(Exercise prompt)
All lines of the material must be output verbatim.

(Information supplied)
text \<open>If \<open>c\<close> stayed below some \<open>t < 1\<close>, then \<open>W (c k) \<ge> W t > 0\<close> for all \<open>k \<ge> 0\<close>.\<close>
lemma tendsto_one_if_lattice_energy_finite:
  assumes H: "hyp_H W" and "mono c" and "\<And>k. \<bar>c k\<bar> \<le> 1" and "0 \<le> c 0"
    and "lattice_energy r W c < \<infinity>"
  shows "(c \<longlongrightarrow> 1) at_top"
proof (rule order_tendstoI)
  fix y :: real assume y: "y < 1"
  show "\<forall>\<^sub>F k in at_top. y < c k"
  proof (cases "\<exists>k0. y < c k0")
    case True
    then obtain k0 where "y < c k0" by blast
    hence "\<forall>k\<ge>k0. y < c k" using monoD[OF assms(2)] by (meson less_le_trans)
    thus ?thesis by (auto simp: eventually_at_top_linorder)
  next
    case False
    define t where "t = max y 0"
    have t: "0 \<le> t" "t < 1" using y by (auto simp: t_def)
    have "lattice_energy r W c = \<infinity>"
    proof (rule lattice_energy_eq_top)
      show "infinite (range int)" by (simp add: range_inj_infinite)
      show "0 < W t" using t by (intro hyp_H_pos[OF H]) auto
      fix k assume "k \<in> range int"
      hence "0 \<le> c k" using assms(2,4) by (auto dest: monoD[of c 0 k])
      moreover have "c k \<le> t" using False by (auto simp: t_def le_max_iff_disj not_less)
      ultimately show "W t \<le> W (c k)" using t by (intro hyp_H_le_abs[OF H]) auto
    qed
    thus ?thesis using assms(5) by simp
  qed
next
  fix y :: real assume "1 < y"
  hence "c k < y" for k using assms(3)[of k] by (simp add: abs_le_iff)
  thus "\<forall>\<^sub>F k in at_top. c k < y" by (simp add: always_eventually)
qed

lemma tendsto_minus_one_if_lattice_energy_finite:
  assumes H: "hyp_H W" and "mono c" and "\<And>k. \<bar>c k\<bar> \<le> 1" and "c (-1) \<le> 0"
    and "lattice_energy r W c < \<infinity>"
  shows "(c \<longlongrightarrow> -1) at_bot"
proof (rule order_tendstoI)
  fix y :: real assume y: "-1 < y"
  show "\<forall>\<^sub>F k in at_bot. c k < y"
  proof (cases "\<exists>k0. c k0 < y")
    case True
    then obtain k0 where "c k0 < y" by blast
    hence "\<forall>k\<le>k0. c k < y" using monoD[OF assms(2)] by (meson le_less_trans)
    thus ?thesis by (auto simp: eventually_at_bot_linorder)
  next
    case False
    define t where "t = min y 0"
    have t: "t \<le> 0" "-1 < t" using y by (auto simp: t_def)
    have "lattice_energy r W c = \<infinity>"
    proof (rule lattice_energy_eq_top)
      show "infinite (range (\<lambda>n::nat. - int n - 1))" by (rule range_inj_infinite) (simp add: inj_def)
      show "0 < W t" using t by (intro hyp_H_pos[OF H]) auto
      fix k assume "k \<in> range (\<lambda>n::nat. - int n - 1)"
      hence "c k \<le> 0" using assms(2,4) by (auto dest: monoD[of c k "-1"])
      moreover have "t \<le> c k" using False by (auto simp: t_def min_le_iff_disj not_less)
      ultimately show "W t \<le> W (c k)" using t by (intro hyp_H_le_abs[OF H]) auto
    qed
    thus ?thesis using assms(5) by simp
  qed
next
  fix y :: real assume "y < -1"
  hence "y < c k" for k using assms(3)[of k] by (simp add: abs_le_iff)
  thus "\<forall>\<^sub>F k in at_bot. y < c k" by (simp add: always_eventually)
qed

definition sign_profile :: "int \<Rightarrow> real" where
  "sign_profile k = (if k < 0 then -1 else 1)"

lemma sign_profile_centered: "sign_profile \<in> centered_profiles"
proof -
  have "(sign_profile \<longlongrightarrow> 1) at_top"
    by (rule tendsto_eventually) (use eventually_ge_at_top[of 0] in \<open>eventually_elim, simp add: sign_profile_def\<close>)
  moreover have "(sign_profile \<longlongrightarrow> -1) at_bot"
    by (rule tendsto_eventually) (use eventually_le_at_bot[of "-1"] in \<open>eventually_elim, simp add: sign_profile_def\<close>)
  ultimately show ?thesis
    by (auto simp: centered_profiles_def joins_wells_def sign_profile_def mono_def)
qed

lemma lattice_energy_sign_profile:
  assumes H: "hyp_H W"
  shows "lattice_energy r W sign_profile = ennreal (2 / r\<^sup>2)"
proof -
  have "ennreal (lattice_term r W sign_profile k) = ennreal (2 / r\<^sup>2) * indicator {-1} k" for k
    using hyp_H_one[OF H] hyp_H_minus_one[OF H]
    by (cases "k = -1"; cases "k < -1") (auto simp: lattice_term_def sign_profile_def power2_eq_square)
  thus ?thesis
    unfolding lattice_energy_def by (simp add: nn_integral_cmult_indicator emeasure_count_space_finite)
qed

lemma lattice_min_le_sign_profile: "hyp_H W \<Longrightarrow> lattice_min r W \<le> ennreal (2 / r\<^sup>2)"
  using INF_lower[OF sign_profile_centered, of "lattice_energy r W"]
  by (simp add: lattice_min_def lattice_energy_sign_profile)

lemma bounded_pointwise_convergent_subseq:
  fixes f :: "nat \<Rightarrow> 'a::countable \<Rightarrow> real"
  assumes bnd: "\<And>n x. \<bar>f n x\<bar> \<le> B"
  obtains d g where "strict_mono d" and "\<And>x. (\<lambda>j. f (d j) x) \<longlonglongrightarrow> g x"
proof -
  let ?P = "\<lambda>n s. convergent (\<lambda>j. f (s j) (from_nat n))"
  interpret diag: subseqs ?P
  proof (unfold convergent_def, unfold subseqs_def, auto)
    fix n :: nat and s :: "nat \<Rightarrow> nat" assume "strict_mono s"
    have "(\<lambda>j. f (s j) (from_nat n)) j \<in> {-B..B}" for j using bnd[of "s j" "from_nat n"] by (simp add: abs_le_iff)
    then obtain l s' where "strict_mono s'" "((\<lambda>j. f (s j) (from_nat n)) \<circ> s') \<longlonglongrightarrow> l"
      using compact_Icc compact_imp_seq_compact seq_compactE by metis
    thus "\<exists>s'. strict_mono (s' :: nat \<Rightarrow> nat) \<and> (\<exists>l. (\<lambda>j. f (s (s' j)) (from_nat n)) \<longlonglongrightarrow> l)"
      by (auto simp: comp_def)
  qed
  have conv: "?P n diag.diagseq" for n
  proof -
    have "(\<lambda>j. f ((diag.seqseq (Suc n) \<circ> (\<lambda>j. diag.fold_reduce (Suc n) j (Suc n + j))) j) (from_nat n))
        = (\<lambda>j. f (diag.seqseq (Suc n) j) (from_nat n)) \<circ> (\<lambda>j. diag.fold_reduce (Suc n) j (Suc n + j))"
      by auto
    note diag_comp = this
    have "?P n (diag.diagseq \<circ> ((+) (Suc n)))"
      unfolding diag.diagseq_seqseq diag_comp
      by (intro convergent_subseq_convergent diag.seqseq_holds diag.subseq_diagonal_rest)
    then obtain L where "(\<lambda>j. f (diag.diagseq (j + Suc n)) (from_nat n)) \<longlonglongrightarrow> L"
      by (auto simp: add.commute convergent_def comp_def)
    hence "(\<lambda>j. f (diag.diagseq j) (from_nat n)) \<longlonglongrightarrow> L" by (rule LIMSEQ_offset)
    thus ?thesis by (auto simp: convergent_def)
  qed
  show thesis
  proof
    show "strict_mono diag.diagseq" by (rule diag.subseq_diagseq)
    show "(\<lambda>j. f (diag.diagseq j) x) \<longlonglongrightarrow> lim (\<lambda>j. f (diag.diagseq j) x)" for x
      using conv[of "to_nat x"] by (simp add: convergent_LIMSEQ_iff)
  qed
qed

(Solution to this exercise)
text \<open>If \<open>c\<close> stayed below some \<open>t < 1\<close>, then \<open>W (c k) \<ge> W t > 0\<close> for all \<open>k \<ge> 0\<close>.\<close>
lemma tendsto_one_if_lattice_energy_finite:
  assumes H: "hyp_H W" and "mono c" and "\<And>k. \<bar>c k\<bar> \<le> 1" and "0 \<le> c 0"
    and "lattice_energy r W c < \<infinity>"
  shows "(c \<longlongrightarrow> 1) at_top"
proof (rule order_tendstoI)
  fix y :: real assume y: "y < 1"
  show "\<forall>\<^sub>F k in at_top. y < c k"
  proof (cases "\<exists>k0. y < c k0")
    case True
    then obtain k0 where "y < c k0" by blast
    hence "\<forall>k\<ge>k0. y < c k" using monoD[OF assms(2)] by (meson less_le_trans)
    thus ?thesis by (auto simp: eventually_at_top_linorder)
  next
    case False
    define t where "t = max y 0"
    have t: "0 \<le> t" "t < 1" using y by (auto simp: t_def)
    have "lattice_energy r W c = \<infinity>"
    proof (rule lattice_energy_eq_top)
      show "infinite (range int)" by (simp add: range_inj_infinite)
      show "0 < W t" using t by (intro hyp_H_pos[OF H]) auto
      fix k assume "k \<in> range int"
      hence "0 \<le> c k" using assms(2,4) by (auto dest: monoD[of c 0 k])
      moreover have "c k \<le> t" using False by (auto simp: t_def le_max_iff_disj not_less)
      ultimately show "W t \<le> W (c k)" using t by (intro hyp_H_le_abs[OF H]) auto
    qed
    thus ?thesis using assms(5) by simp
  qed
next
  fix y :: real assume "1 < y"
  hence "c k < y" for k using assms(3)[of k] by (simp add: abs_le_iff)
  thus "\<forall>\<^sub>F k in at_top. c k < y" by (simp add: always_eventually)
qed

lemma tendsto_minus_one_if_lattice_energy_finite:
  assumes H: "hyp_H W" and "mono c" and "\<And>k. \<bar>c k\<bar> \<le> 1" and "c (-1) \<le> 0"
    and "lattice_energy r W c < \<infinity>"
  shows "(c \<longlongrightarrow> -1) at_bot"
proof (rule order_tendstoI)
  fix y :: real assume y: "-1 < y"
  show "\<forall>\<^sub>F k in at_bot. c k < y"
  proof (cases "\<exists>k0. c k0 < y")
    case True
    then obtain k0 where "c k0 < y" by blast
    hence "\<forall>k\<le>k0. c k < y" using monoD[OF assms(2)] by (meson le_less_trans)
    thus ?thesis by (auto simp: eventually_at_bot_linorder)
  next
    case False
    define t where "t = min y 0"
    have t: "t \<le> 0" "-1 < t" using y by (auto simp: t_def)
    have "lattice_energy r W c = \<infinity>"
    proof (rule lattice_energy_eq_top)
      show "infinite (range (\<lambda>n::nat. - int n - 1))" by (rule range_inj_infinite) (simp add: inj_def)
      show "0 < W t" using t by (intro hyp_H_pos[OF H]) auto
      fix k assume "k \<in> range (\<lambda>n::nat. - int n - 1)"
      hence "c k \<le> 0" using assms(2,4) by (auto dest: monoD[of c k "-1"])
      moreover have "t \<le> c k" using False by (auto simp: t_def min_le_iff_disj not_less)
      ultimately show "W t \<le> W (c k)" using t by (intro hyp_H_le_abs[OF H]) auto
    qed
    thus ?thesis using assms(5) by simp
  qed
next
  fix y :: real assume "y < -1"
  hence "y < c k" for k using assms(3)[of k] by (simp add: abs_le_iff)
  thus "\<forall>\<^sub>F k in at_bot. y < c k" by (simp add: always_eventually)
qed

definition sign_profile :: "int \<Rightarrow> real" where
  "sign_profile k = (if k < 0 then -1 else 1)"

lemma sign_profile_centered: "sign_profile \<in> centered_profiles"
proof -
  have "(sign_profile \<longlongrightarrow> 1) at_top"
    by (rule tendsto_eventually) (use eventually_ge_at_top[of 0] in \<open>eventually_elim, simp add: sign_profile_def\<close>)
  moreover have "(sign_profile \<longlongrightarrow> -1) at_bot"
    by (rule tendsto_eventually) (use eventually_le_at_bot[of "-1"] in \<open>eventually_elim, simp add: sign_profile_def\<close>)
  ultimately show ?thesis
    by (auto simp: centered_profiles_def joins_wells_def sign_profile_def mono_def)
qed

lemma lattice_energy_sign_profile:
  assumes H: "hyp_H W"
  shows "lattice_energy r W sign_profile = ennreal (2 / r\<^sup>2)"
proof -
  have "ennreal (lattice_term r W sign_profile k) = ennreal (2 / r\<^sup>2) * indicator {-1} k" for k
    using hyp_H_one[OF H] hyp_H_minus_one[OF H]
    by (cases "k = -1"; cases "k < -1") (auto simp: lattice_term_def sign_profile_def power2_eq_square)
  thus ?thesis
    unfolding lattice_energy_def by (simp add: nn_integral_cmult_indicator emeasure_count_space_finite)
qed

lemma lattice_min_le_sign_profile: "hyp_H W \<Longrightarrow> lattice_min r W \<le> ennreal (2 / r\<^sup>2)"
  using INF_lower[OF sign_profile_centered, of "lattice_energy r W"]
  by (simp add: lattice_min_def lattice_energy_sign_profile)

lemma bounded_pointwise_convergent_subseq:
  fixes f :: "nat \<Rightarrow> 'a::countable \<Rightarrow> real"
  assumes bnd: "\<And>n x. \<bar>f n x\<bar> \<le> B"
  obtains d g where "strict_mono d" and "\<And>x. (\<lambda>j. f (d j) x) \<longlonglongrightarrow> g x"
proof -
  let ?P = "\<lambda>n s. convergent (\<lambda>j. f (s j) (from_nat n))"
  interpret diag: subseqs ?P
  proof (unfold convergent_def, unfold subseqs_def, auto)
    fix n :: nat and s :: "nat \<Rightarrow> nat" assume "strict_mono s"
    have "(\<lambda>j. f (s j) (from_nat n)) j \<in> {-B..B}" for j using bnd[of "s j" "from_nat n"] by (simp add: abs_le_iff)
    then obtain l s' where "strict_mono s'" "((\<lambda>j. f (s j) (from_nat n)) \<circ> s') \<longlonglongrightarrow> l"
      using compact_Icc compact_imp_seq_compact seq_compactE by metis
    thus "\<exists>s'. strict_mono (s' :: nat \<Rightarrow> nat) \<and> (\<exists>l. (\<lambda>j. f (s (s' j)) (from_nat n)) \<longlonglongrightarrow> l)"
      by (auto simp: comp_def)
  qed
  have conv: "?P n diag.diagseq" for n
  proof -
    have "(\<lambda>j. f ((diag.seqseq (Suc n) \<circ> (\<lambda>j. diag.fold_reduce (Suc n) j (Suc n + j))) j) (from_nat n))
        = (\<lambda>j. f (diag.seqseq (Suc n) j) (from_nat n)) \<circ> (\<lambda>j. diag.fold_reduce (Suc n) j (Suc n + j))"
      by auto
    note diag_comp = this
    have "?P n (diag.diagseq \<circ> ((+) (Suc n)))"
      unfolding diag.diagseq_seqseq diag_comp
      by (intro convergent_subseq_convergent diag.seqseq_holds diag.subseq_diagonal_rest)
    then obtain L where "(\<lambda>j. f (diag.diagseq (j + Suc n)) (from_nat n)) \<longlonglongrightarrow> L"
      by (auto simp: add.commute convergent_def comp_def)
    hence "(\<lambda>j. f (diag.diagseq j) (from_nat n)) \<longlonglongrightarrow> L" by (rule LIMSEQ_offset)
    thus ?thesis by (auto simp: convergent_def)
  qed
  show thesis
  proof
    show "strict_mono diag.diagseq" by (rule diag.subseq_diagseq)
    show "(\<lambda>j. f (diag.diagseq j) x) \<longlonglongrightarrow> lim (\<lambda>j. f (diag.diagseq j) x)" for x
      using conv[of "to_nat x"] by (simp add: convergent_LIMSEQ_iff)
  qed
qed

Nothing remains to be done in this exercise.